WHAT THE TASK ASKS - The output is the lines below from the one with "(* Keep + and" through the one with "umul (d3u G", both included, printed exactly and with no other line.

** Opening MATERIAL FOR THE TASK block **

text \<open>Twisting \<open>c\<close> by the cup product \<open>b \<union> \<kappa>\<^sub>R\<close>, \<open>(b \<union> \<kappa>\<^sub>R)(g,h,k) = b(g) \<cdot> \<kappa>\<^sub>R\<^bsup>a(g)\<^esup>(h,k)\<close>,
  multiplies \<open>d\<^sup>3\<^sub>a c\<close> by \<open>(-1)\<^bsup>d(b \<union> \<kappa>\<^sub>R)\<^esup>\<close>. By the Leibniz rule
  \<open>d(b \<union> \<kappa>\<^sub>R) = d\<^sup>1\<^sub>a b \<union> \<kappa>\<^sub>R + b \<union> d\<^sup>2\<^sub>a \<kappa>\<^sub>R = (\<kappa>\<^sub>L + \<kappa>\<^sub>R) \<union> \<kappa>\<^sub>R\<close>, so the obstruction
  \<open>\<kappa>\<^sub>L \<union> \<kappa>\<^sub>R\<close> of \<open>c\<close> becomes \<open>\<kappa>\<^sub>R \<union> \<kappa>\<^sub>R\<close> for the twisted cochain. The relation \<open>\<sim>\<close> is then
  witnessed by the trivial gauges \<open>m = 0\<close>, \<open>\<sigma> = 1\<close>: over \<open>\<int>\<^sub>2\<close> the sign \<open>(-1)\<^bsup>-b \<union> \<kappa>\<^sub>R\<^esup>\<close>
  it prescribes is exactly the twist.\<close>

(* Keep + and * on bit as field operations, not XOR/AND, so that ring normalisation applies. *)
declare add_bit_eq_xor [simp del] mult_bit_eq_and [simp del]

lemma zadd_self: "zadd x x = zzero"
  by (simp add: zadd_def zzero_def add_bit_eq_xor)

lemma bsign_add: "bsign (x + y) = bsign x * bsign y"
  by (cases x; cases y) (simp_all add: bsign_def)

lemma zsign_zadd: "zsign (zadd x y) = umul (zsign x) (zsign y)"
  by (simp add: zsign_def zadd_def umul_def bsign_add)

lemma zsign_zsub: "zsign (zsub x y) = udiv (zsign x) (zsign y)"
  by (cases x; cases y) (simp add: zsign_def zsub_def udiv_def bsign_def)

lemma act_umul: "act a (umul x y) = umul (act a x) (act a y)"
  by (simp add: act_def umul_def)

lemma act_zsign: "act a (zsign x) = zsign (act a x)"
  by (simp add: act_def zsign_def)

lemma d1a_zero: "d1a G a (\<lambda>_. zzero) g h = zzero"
  by (simp add: d1a_def zsub_def zadd_def zzero_def act_def)

lemma d2u_one: "d2u G a (\<lambda>_ _. (1, 1)) g h k = (1, 1)"
  by (simp add: d2u_def act_def umul_def udiv_def)

lemma d3u_umul:
  "d3u G a (\<lambda>g h k. umul (x g h k) (y g h k)) g h k f = umul (d3u G a x g h k f) (d3u G a y g h k f)"
  unfolding d3u_def act_umul by (simp add: umul_def udiv_def times_divide_times_eq mult_ac)

definition d3a :: "('g, 'm) monoid_scheme \<Rightarrow> ('g \<Rightarrow> bit) \<Rightarrow> ('g \<Rightarrow> 'g \<Rightarrow> 'g \<Rightarrow> z2z2)
    \<Rightarrow> 'g \<Rightarrow> 'g \<Rightarrow> 'g \<Rightarrow> 'g \<Rightarrow> z2z2" where
  "d3a G a t g h k f = zsub (zadd (zadd (act (a g) (t h k f)) (t g (h \<otimes>\<^bsub>G\<^esub> k) f)) (t g h k))
       (zadd (t (g \<otimes>\<^bsub>G\<^esub> h) k f) (t g h (k \<otimes>\<^bsub>G\<^esub> f)))"

lemma d3u_zsign: "d3u G a (\<lambda>g h k. zsign (t g h k)) g h k f = zsign (d3a G a t g h k f)"
  by (simp only: d3u_def d3a_def act_zsign zsign_zadd zsign_zsub)

definition cup12 :: "('g, 'm) monoid_scheme \<Rightarrow> ('g \<Rightarrow> bit) \<Rightarrow> ('g \<Rightarrow> z2z2) \<Rightarrow> ('g \<Rightarrow> 'g \<Rightarrow> z2z2)
    \<Rightarrow> 'g \<Rightarrow> 'g \<Rightarrow> 'g \<Rightarrow> z2z2" where
  "cup12 G a x y g h k = zdot (x g) (act (a g) (y h k))"

definition cup22 :: "('g, 'm) monoid_scheme \<Rightarrow> ('g \<Rightarrow> bit) \<Rightarrow> ('g \<Rightarrow> 'g \<Rightarrow> z2z2) \<Rightarrow> ('g \<Rightarrow> 'g \<Rightarrow> z2z2)
    \<Rightarrow> 'g \<Rightarrow> 'g \<Rightarrow> 'g \<Rightarrow> 'g \<Rightarrow> z2z2" where
  "cup22 G a x y g h k f = zdot (x g h) (act (a (g \<otimes>\<^bsub>G\<^esub> h)) (y k f))"

lemma d3a_cup12:
  assumes "a (g \<otimes>\<^bsub>G\<^esub> h) = a g + a h"
  shows "d3a G a (cup12 G a x y) g h k f
       = zadd (cup22 G a (d1a G a x) y g h k f) (zdot (x g) (act (a g) (d2a G a y h k f)))"
  unfolding d3a_def cup12_def cup22_def d1a_def d2a_def assms
  by (cases "a g"; cases "a h")
    (simp_all add: zadd_def zsub_def zdot_def act_def ring_distribs add_ac prod_eq_iff)

lemma d3u_twist_cup12:
  assumes a_hom: "a (g \<otimes>\<^bsub>G\<^esub> h) = a g + a h"
    and d1a_b: "d1a G a b g h = zadd (kL g h) (kR g h)"
    and kR_cocycle: "d2a G a kR h k f = zzero"
    and c_obstruction: "d3u G a c g h k f = zsign (cup22 G a kL kR g h k f)"
  shows "d3u G a (\<lambda>g h k. umul (zsign (cup12 G a b kR g h k)) (c g h k)) g h k f
       = zsign (cup22 G a kR kR g h k f)"
proof -
  have "d3u G a (\<lambda>g h k. umul (zsign (cup12 G a b kR g h k)) (c g h k)) g h k f
      = umul (zsign (d3a G a (cup12 G a b kR) g h k f)) (zsign (cup22 G a kL kR g h k f))"
    by (simp add: d3u_umul d3u_zsign c_obstruction)
  also have "\<dots> = zsign (zadd (zadd (cup22 G a (\<lambda>g h. zadd (kL g h) (kR g h)) kR g h k f)
                                  (zdot (b g) (act (a g) zzero)))
                            (cup22 G a kL kR g h k f))"
    by (simp add: d3a_cup12 a_hom kR_cocycle zsign_zadd cup22_def d1a_b)
  also have "\<dots> = zsign (cup22 G a kR kR g h k f)"
    by (simp add: cup22_def zadd_def zdot_def act_def zzero_def ring_distribs prod_eq_iff)
  finally show ?thesis .
qed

** Closing MATERIAL FOR THE TASK block **

FINISHED TASK -
(* Keep + and * on bit as field operations, not XOR/AND, so that ring normalisation applies. *)
declare add_bit_eq_xor [simp del] mult_bit_eq_and [simp del]

lemma zadd_self: "zadd x x = zzero"
  by (simp add: zadd_def zzero_def add_bit_eq_xor)

lemma bsign_add: "bsign (x + y) = bsign x * bsign y"
  by (cases x; cases y) (simp_all add: bsign_def)

lemma zsign_zadd: "zsign (zadd x y) = umul (zsign x) (zsign y)"
  by (simp add: zsign_def zadd_def umul_def bsign_add)

lemma zsign_zsub: "zsign (zsub x y) = udiv (zsign x) (zsign y)"
  by (cases x; cases y) (simp add: zsign_def zsub_def udiv_def bsign_def)

lemma act_umul: "act a (umul x y) = umul (act a x) (act a y)"
  by (simp add: act_def umul_def)

lemma act_zsign: "act a (zsign x) = zsign (act a x)"
  by (simp add: act_def zsign_def)

lemma d1a_zero: "d1a G a (\<lambda>_. zzero) g h = zzero"
  by (simp add: d1a_def zsub_def zadd_def zzero_def act_def)

lemma d2u_one: "d2u G a (\<lambda>_ _. (1, 1)) g h k = (1, 1)"
  by (simp add: d2u_def act_def umul_def udiv_def)

lemma d3u_umul:
  "d3u G a (\<lambda>g h k. umul (x g h k) (y g h k)) g h k f = umul (d3u G a x g h k f) (d3u G a y g h k f)"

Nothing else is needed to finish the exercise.